Pediatric patients with CM1 require both clinical and radiographic follow-up. Duraplasty may be performed if decompression fails to relieve symptomatology, but is not always needed. CM1 continues to present a challenge in surgical decision making. Adhering to a treatment paradigm may help alleviate difficult decision-making 2).
Chiari malformation Type I (CM-I) related to syndromic craniosynostosis in pediatric patients has been well-studied. The surgical management consists of cranial vault remodeling with or without posterior fossa decompression.
Efforts to guide preoperative counseling and improve outcomes research are impeded by reliance on small, single-center studies.
Approximately 1 in 8 pediatric CM-I patients experienced a surgical complication, whereas medical complications were rare. Although complex chronic conditions (CCC) were common in pediatric CM-I patients, only hydrocephalus was independently associated with increased risk of surgical events. These results may inform patient counseling and guide future research efforts 3).
CM-I in children is not a radiologically static entity but rather is a dynamic one. Radiological changes were seen throughout the 7 years of follow-up. A reduction in tonsillar herniation was substantially more common than an increase. Radiological changes did not correlate with neurological examination finding changes, symptom development, or the need for future surgery. Follow-up imaging of asymptomatic children with CM-I did not alter treatment for any patient. It would be reasonable to follow these children with clinical examinations but without regular surveillance MRI 4).

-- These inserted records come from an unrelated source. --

lemma has_real_derivative_power_sum_coordinate:
  assumes "i \<in> {1..n}"
  shows "((\<lambda>s. power_sum n m (x(i := x i + s))) has_real_derivative real m * x i ^ (m - 1)) (at 0)"
proof -
  have "power_sum n m (x(i := x i + s)) = (x i + s) ^ m + (\<Sum>j\<in>{1..n} - {i}. x j ^ m)" for s
    unfolding power_sum_def using assms by (simp add: sum.remove)
  moreover have "((\<lambda>s. (x i + s) ^ m + (\<Sum>j\<in>{1..n} - {i}. x j ^ m))
      has_real_derivative real m * x i ^ (m - 1)) (at 0)"
    by (auto intro!: derivative_eq_intros)
  ultimately show ?thesis by simp
qed

section \<open>Maximizing the Rayleigh quotient\<close>

definition prob_simplex :: "nat \<Rightarrow> (nat \<Rightarrow> real) set" where
  "prob_simplex n = PiE UNIV (\<lambda>j. if j \<in> {1..n} then {0..1} else {0}) \<inter> {x. (\<Sum>j\<in>{1..n}. x j) = 1}"

lemma compact_prob_simplex: "compact (prob_simplex n)"
proof -
  have "compactin (product_topology (\<lambda>i. euclidean) UNIV)
          (PiE UNIV (\<lambda>j. if j \<in> {1..n} then {0..1::real} else {0}))"
    by (subst compactin_PiE) auto
  then have "compact (PiE UNIV (\<lambda>j. if j \<in> {1..n} then {0..1::real} else {0}))"
    by (simp add: euclidean_product_topology)
  moreover have "closed {x::nat \<Rightarrow> real. (\<Sum>j\<in>{1..n}. x j) = 1}"
    by (intro closed_Collect_eq continuous_intros continuous_on_subset[OF continuous_on_product_coordinates])
       auto
  ultimately show ?thesis unfolding prob_simplex_def by auto
qed

lemma mem_prob_simplex_iff:
  "x \<in> prob_simplex n \<longleftrightarrow>
     (\<forall>j\<in>{1..n}. 0 \<le> x j) \<and> (\<forall>j. j \<notin> {1..n} \<longrightarrow> x j = 0) \<and> (\<Sum>j\<in>{1..n}. x j) = 1"
proof -
  have "x j \<le> 1" if "\<forall>j\<in>{1..n}. 0 \<le> x j" "(\<Sum>j\<in>{1..n}. x j) = 1" "j \<in> {1..n}" for j
    using that member_le_sum[of j "{1..n}" x] by auto
  then show ?thesis unfolding prob_simplex_def by (auto simp: PiE_iff split: if_splits)
qed

lemma tensor_form_bound_from_prob_simplex:
  assumes "m \<ge> 1" "\<forall>z\<in>prob_simplex n. tensor_form n m a z \<le> \<mu> * power_sum n m z"
    and "\<forall>j\<in>{1..n}. y j \<ge> 0"
  shows "tensor_form n m a y \<le> \<mu> * power_sum n m y"
proof (cases "\<forall>j\<in>{1..n}. y j = 0")
  case True
  then show ?thesis
    using tensor_form_vanishing[OF assms(1)] assms(1) by (simp add: power_sum_def power_0_left)
next
  case False
  then obtain j where j: "j \<in> {1..n}" "y j > 0" using assms(3) by force
  define c where "c = (\<Sum>j\<in>{1..n}. y j)"
  have "y j \<le> c" unfolding c_def using j assms(3) by (intro member_le_sum) auto
  then have "c > 0" using j by simp
  define z where "z j = (if j \<in> {1..n} then y j / c else 0)" for j
  have "(\<Sum>j\<in>{1..n}. z j) = 1"
    using \<open>c > 0\<close> unfolding z_def c_def by (simp add: sum_divide_distrib[symmetric])
  then have "z \<in> prob_simplex n"
    using assms(3) \<open>c > 0\<close> unfolding mem_prob_simplex_iff z_def by auto
  then have "tensor_form n m a z \<le> \<mu> * power_sum n m z" using assms(2) by blast
  then have "tensor_form n m a y / c ^ m \<le> \<mu> * (power_sum n m y / c ^ m)"
    unfolding z_def tensor_form_divide power_sum_divide .
  then show ?thesis using \<open>c > 0\<close> by (simp add: divide_le_eq)
qed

Outcome assessment for the management of Chiari malformation type 1 is difficult because of the lack of a reliable and specific surgical outcome assessment scale. Such a scale could reliably correlate postoperative outcomes with preoperative symptoms.
Outcome is poor in approximately 3 in 10 patients 5).
Arnautovic et al. identified 145 operative series of patients with CM-I, primarily from the United States and Europe, and divided patient ages into 1 of 3 categories: adult (> 18 years of age; 27% of the cases), pediatric (≤ 18 years of age; 30%), or unknown (43%). Most series (76%) were published in the previous 21 years. The median number of patients in the series was 31. The mean duration of the studies was 10 years, and the mean follow-up time was 43 months. The peak ages of presentation in the pediatric studies were 8 years, followed by 9 years, and in the adult series, 41 years, followed by 46 years. The incidence of syringomyelia was 65%. Most of the studies (99%) reported the use of posterior fossa/foramen magnum decompression. In 92%, the dura was opened, and in 65% of these cases, the arachnoid was opened and dissected; tonsillar resection was performed in 27% of these patients. Postoperatively, syringomyelia improved or resolved in 78% of the patients. Most series (80%) reported postoperative neurological outcomes as follows: 75% improved, 17% showed no change, and 9% experienced worsening. Postoperative headaches improved or resolved in 81% of the patients, with a statistical difference in favor of the pediatric series. Postoperative complications were reported for 41% of the series, most commonly with CSF leak, pseudomeningocele, aseptic meningitis, wound infection, meningitis, and neurological deficit, with a mean complication rate of 4.5%. Complications were reported for 37% of pediatric, 20% of adult, and 43% of combined series. Mortality was reported for 11% of the series. No difference in mortality rates was seen between the pediatric and adult series 8).
A 16-year-old boy who admitted with symptoms related to CM-I. With careful examination and further genetic investigations, a diagnosis of Crouzon syndrome was made, of which the patient and his family was unaware before. The patient underwent surgery for posterior fossa decompression and followed-up for Crouzon’s syndrome.
This is the only case report indicating a late adolescent diagnosis of Crouzon syndrome through clinical symptoms of an associated CM-I 9).